■ **How to complete this task**: Locate the line with "A w) \<longlongrightarrow>" in the material. Copy that line and each one after it, through the last, exactly and with nothing else.

┏━━

lemma higher_deriv_inverse:
  fixes w :: complex
  assumes "w \<noteq> 0"
  shows "(deriv ^^ n) (\<lambda>w. 1 / w) w = (-1) ^ n * fact n / w ^ (n + 1)"
  using assms
proof (induction n arbitrary: w)
  case (Suc n)
  have "((\<lambda>w. (-1) ^ n * fact n / w ^ (n + 1)) has_field_derivative
          (-1) ^ Suc n * fact (Suc n) / w ^ (Suc n + 1)) (at w)"
    using Suc.prems
    by (auto intro!: derivative_eq_intros simp: divide_simps) (cases n; simp add: algebra_simps)
  then have "((deriv ^^ n) (\<lambda>w. 1 / w) has_field_derivative
               (-1) ^ Suc n * fact (Suc n) / w ^ (Suc n + 1)) (at w)"
    by (rule has_field_derivative_transform_within_open[where S = "-{0}"]) (use Suc in auto)
  then show ?case
    by (simp add: DERIV_imp_deriv del: fact_Suc power_Suc)
qed simp

lemma higher_deriv_zero_if_point_symmetric:
  fixes f :: "complex \<Rightarrow> complex"
  assumes holo: "f holomorphic_on S" and "open S" "0 \<in> S"
    and symm: "\<And>w. w \<in> S \<Longrightarrow> -w \<in> S \<and> f (-w) + f w = c"
    and "even n" "n \<noteq> 0"
  shows "(deriv ^^ n) f 0 = 0"
proof -
  have "(deriv ^^ n) (\<lambda>w. f (-1 * w)) 0 = (-1) ^ n * (deriv ^^ n) f (-1 * 0)"
    using symm by (intro higher_deriv_compose_linear[OF holo \<open>open S\<close> \<open>open S\<close> \<open>0 \<in> S\<close>]) auto
  then have reflected: "(deriv ^^ n) (\<lambda>w. f (-1 * w)) 0 = (deriv ^^ n) f 0"
    using \<open>even n\<close> by simp
  have "\<forall>\<^sub>F w in nhds 0. f (-1 * w) = c - f w"
    using eventually_nhds_in_open[OF \<open>open S\<close> \<open>0 \<in> S\<close>]
    by eventually_elim (simp add: symm eq_diff_eq)
  then have "(deriv ^^ n) (\<lambda>w. f (-1 * w)) 0 = (deriv ^^ n) (\<lambda>w. c - f w) 0"
    by (rule higher_deriv_cong_ev) simp
  also have "\<dots> = - (deriv ^^ n) f 0"
    using higher_deriv_diff[OF _ holo \<open>open S\<close> \<open>0 \<in> S\<close>, of "\<lambda>w. c"] \<open>n \<noteq> 0\<close> by simp
  finally show ?thesis
    using reflected by simp
qed

section \<open>The functions gamma_l in the variable w = -ln xi\<close>

lemma holomorphic_gamma_int: "gamma_int l holomorphic_on -{1}"
proof (induction l)
  case 0
  have "(\<lambda>\<xi>. \<xi> / (1 - \<xi>)) holomorphic_on -{1}"
    by (intro holomorphic_intros) auto
  then show ?case by simp
next
  case (Suc l)
  then have "(\<lambda>\<xi>. \<xi> * deriv (gamma_int l) \<xi>) holomorphic_on -{1}"
    by (intro holomorphic_intros holomorphic_deriv) auto
  then show ?case by simp
qed

lemma has_field_derivative_gamma_int_exp_minus:
  assumes "exp w \<noteq> 1"
  shows "((\<lambda>w. gamma_int l (exp (-w))) has_field_derivative
           - gamma_int (Suc l) (exp (-w))) (at w)"
proof -
  have "exp (-w) \<in> -{1}"
    using assms by (simp add: exp_minus)
  then have "(gamma_int l has_field_derivative deriv (gamma_int l) (exp (-w))) (at (exp (-w)))"
    by (intro holomorphic_derivI[OF holomorphic_gamma_int]) auto
  then have "((\<lambda>w. gamma_int l (exp (-w))) has_field_derivative
               deriv (gamma_int l) (exp (-w)) * - exp (-w)) (at w)"
    by (rule DERIV_chain2[where g = "\<lambda>w. exp (-w)"]) (auto intro!: derivative_eq_intros)
  then show ?thesis
    by (simp add: mult.commute)
qed

lemma higher_deriv_inv_expm1:
  assumes "exp w \<noteq> 1"
  shows "(deriv ^^ l) (\<lambda>w. 1 / (exp w - 1)) w = (-1) ^ l * gamma_int l (exp (-w))"
  using assms
proof (induction l arbitrary: w)
  case 0
  have "exp w \<noteq> 0" by simp
  with 0 show ?case
    by (simp add: exp_minus field_simps)
next
  case (Suc l)
  have "\<forall>\<^sub>F v in nhds w. exp v \<noteq> 1"
    using eventually_nhds_in_open[OF open_exp_neq_1] Suc.prems by simp
  then have "\<forall>\<^sub>F v in nhds w. (deriv ^^ l) (\<lambda>w. 1 / (exp w - 1)) v = (-1) ^ l * gamma_int l (exp (-v))"
    by eventually_elim (rule Suc.IH)
  then have "(deriv ^^ Suc l) (\<lambda>w. 1 / (exp w - 1)) w
               = deriv (\<lambda>v. (-1) ^ l * gamma_int l (exp (-v))) w"
    by (simp add: deriv_cong_ev)
  also have "\<dots> = (-1) ^ Suc l * gamma_int (Suc l) (exp (-w))"
    by (rule DERIV_imp_deriv)
       (use DERIV_cmult[OF has_field_derivative_gamma_int_exp_minus[OF Suc.prems]] in simp)
  finally show ?case .
qed

section \<open>The regular part of 1/(e^w - 1) at the origin\<close>

(* Its values at the other poles 2 pi i n, n \<noteq> 0, are junk. *)
definition inv_expm1_reg :: "complex \<Rightarrow> complex" where
  "inv_expm1_reg w = (if w = 0 then -1/2 else 1 / (exp w - 1) - 1 / w)"

lemma open_inv_expm1_reg_domain: "open {w::complex. w = 0 \<or> exp w \<noteq> 1}"
proof -
  have "w = 0 \<or> exp w \<noteq> 1" if "w \<in> ball 0 (2 * pi)" for w :: complex
  proof -
    have "\<bar>Im w\<bar> < 2 * pi"
      using that abs_Im_le_cmod[of w] by simp
    then show ?thesis
      using exp_eq_1_near_real_axis by blast
  qed
  then have "{w::complex. w = 0 \<or> exp w \<noteq> 1} = {w. exp w \<noteq> 1} \<union> ball 0 (2 * pi)"
    by (auto simp del: mem_ball_0) (metis mem_ball_0)
  then show ?thesis
    using open_exp_neq_1 by auto
qed

lemma strip_subset_inv_expm1_reg_domain:
  "{w. \<bar>Im w\<bar> \<le> pi} \<subseteq> {w. w = 0 \<or> exp w \<noteq> 1}"
proof
  fix w assume "w \<in> {w. \<bar>Im w\<bar> \<le> pi}"
  then have "\<bar>Im w\<bar> \<le> pi"
    by simp
  then have "\<bar>Im w\<bar> < 2 * pi"
    using pi_gt_zero by linarith
  then show "w \<in> {w. w = 0 \<or> exp w \<noteq> 1}"
    using exp_eq_1_near_real_axis by blast
qed

lemma tendsto_inv_expm1_minus_inverse_0:
  "((\<lambda>w::complex. 1 / (exp w - 1) - 1 / w) \<longlongrightarrow> -1/2) (at 0)"
proof -
  define A where "A w = (exp w - 1 - w) / w\<^sup>2" for w :: complex
  have "(\<lambda>n. 1 / fact (n + 2) * w ^ n) sums A w" if "w \<noteq> 0" for w
  proof -
    have "(\<lambda>n. w ^ (n + 2) /\<^sub>R fact (n + 2)) sums (exp w - 1 - w)"
      using exp_converges[of w] by (subst sums_iff_shift) (simp add: eval_nat_numeral)
    then have "(\<lambda>n. w ^ (n + 2) /\<^sub>R fact (n + 2) / w\<^sup>2) sums A w"
      unfolding A_def by (rule sums_divide)
    moreover have "w ^ (n + 2) /\<^sub>R fact (n + 2) / w\<^sup>2 = 1 / fact (n + 2) * w ^ n" for n
      using that by (simp add: scaleR_conv_of_real power_add power2_eq_square divide_simps del: fact_Suc)
    ultimately show ?thesis
      by simp
  qed
  then have A: "(A \<longlongrightarrow> 1/2) (at 0)"
    using powser_limit_0_strong[of 1 "\<lambda>n. 1 / fact (n + 2)" A] by simp
  then have B: "((\<lambda>w. 1 + w * A w) \<longlongrightarrow> 1) (at 0)"
    by (auto intro!: tendsto_eq_intros)
  have "((\<lambda>w. - A w / (1 + w * A w)) \<longlongrightarrow> -1/2) (at 0)"
    using tendsto_divide[OF tendsto_minus[OF A] B] by simp
  moreover have "\<forall>\<^sub>F w in at 0. 1 + w * A w \<noteq> 0"
    using B by (rule tendsto_imp_eventually_ne) simp
  then have "\<forall>\<^sub>F w in at 0. - A w / (1 + w * A w) = 1 / (exp w - 1) - 1 / w"
    unfolding eventually_at_filter
    by eventually_elim (auto simp: A_def field_simps power2_eq_square)
  ultimately show ?thesis
    by (rule Lim_transform_eventually)
qed

lemma holomorphic_inv_expm1_reg: "inv_expm1_reg holomorphic_on {w. w = 0 \<or> exp w \<noteq> 1}"
proof (rule no_isolated_singularity'[where K = "{0}"])
  have "(inv_expm1_reg \<longlongrightarrow> -1/2) (at 0)"
    by (rule Lim_transform_eventually[OF tendsto_inv_expm1_minus_inverse_0])
       (simp add: eventually_at_filter inv_expm1_reg_def)
  then show "(inv_expm1_reg \<longlongrightarrow> inv_expm1_reg z) (at z within {w. w = 0 \<or> exp w \<noteq> 1})"
    if "z \<in> {0}" for z
    using that by (simp add: inv_expm1_reg_def at_within_open[OF _ open_inv_expm1_reg_domain])
  have "(\<lambda>w. 1 / (exp w - 1) - 1 / w) holomorphic_on {w. w = 0 \<or> exp w \<noteq> 1} - {0}"
    by (intro holomorphic_intros) auto
  then show "inv_expm1_reg holomorphic_on {w. w = 0 \<or> exp w \<noteq> 1} - {0}"
    by (rule holomorphic_transform) (auto simp: inv_expm1_reg_def)
qed (use open_inv_expm1_reg_domain in auto)

lemma inv_expm1_reg_minus:
  assumes "w = 0 \<or> exp w \<noteq> 1"
  shows "inv_expm1_reg (-w) + inv_expm1_reg w = -1"
proof (cases "w = 0")
  case False
  with assms have "exp w - 1 \<noteq> 0"
    by simp
  then have "1 / (exp (-w) - 1) = -1 - 1 / (exp w - 1)"
    by (simp add: exp_minus field_simps)
  with False show ?thesis
    by (simp add: inv_expm1_reg_def)
qed (simp add: inv_expm1_reg_def)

┗━━

■ **Reply**:
  then have B: "((\<lambda>w. 1 + w * A w) \<longlongrightarrow> 1) (at 0)"
    by (auto intro!: tendsto_eq_intros)
  have "((\<lambda>w. - A w / (1 + w * A w)) \<longlongrightarrow> -1/2) (at 0)"
    using tendsto_divide[OF tendsto_minus[OF A] B] by simp
  moreover have "\<forall>\<^sub>F w in at 0. 1 + w * A w \<noteq> 0"
    using B by (rule tendsto_imp_eventually_ne) simp
  then have "\<forall>\<^sub>F w in at 0. - A w / (1 + w * A w) = 1 / (exp w - 1) - 1 / w"
    unfolding eventually_at_filter
    by eventually_elim (auto simp: A_def field_simps power2_eq_square)
  ultimately show ?thesis
    by (rule Lim_transform_eventually)
qed

lemma holomorphic_inv_expm1_reg: "inv_expm1_reg holomorphic_on {w. w = 0 \<or> exp w \<noteq> 1}"
proof (rule no_isolated_singularity'[where K = "{0}"])
  have "(inv_expm1_reg \<longlongrightarrow> -1/2) (at 0)"
    by (rule Lim_transform_eventually[OF tendsto_inv_expm1_minus_inverse_0])
       (simp add: eventually_at_filter inv_expm1_reg_def)
  then show "(inv_expm1_reg \<longlongrightarrow> inv_expm1_reg z) (at z within {w. w = 0 \<or> exp w \<noteq> 1})"
    if "z \<in> {0}" for z
    using that by (simp add: inv_expm1_reg_def at_within_open[OF _ open_inv_expm1_reg_domain])
  have "(\<lambda>w. 1 / (exp w - 1) - 1 / w) holomorphic_on {w. w = 0 \<or> exp w \<noteq> 1} - {0}"
    by (intro holomorphic_intros) auto
  then show "inv_expm1_reg holomorphic_on {w. w = 0 \<or> exp w \<noteq> 1} - {0}"
    by (rule holomorphic_transform) (auto simp: inv_expm1_reg_def)
qed (use open_inv_expm1_reg_domain in auto)

lemma inv_expm1_reg_minus:
  assumes "w = 0 \<or> exp w \<noteq> 1"
  shows "inv_expm1_reg (-w) + inv_expm1_reg w = -1"
proof (cases "w = 0")
  case False
  with assms have "exp w - 1 \<noteq> 0"
    by simp
  then have "1 / (exp (-w) - 1) = -1 - 1 / (exp w - 1)"
    by (simp add: exp_minus field_simps)
  with False show ?thesis
    by (simp add: inv_expm1_reg_def)
qed (simp add: inv_expm1_reg_def)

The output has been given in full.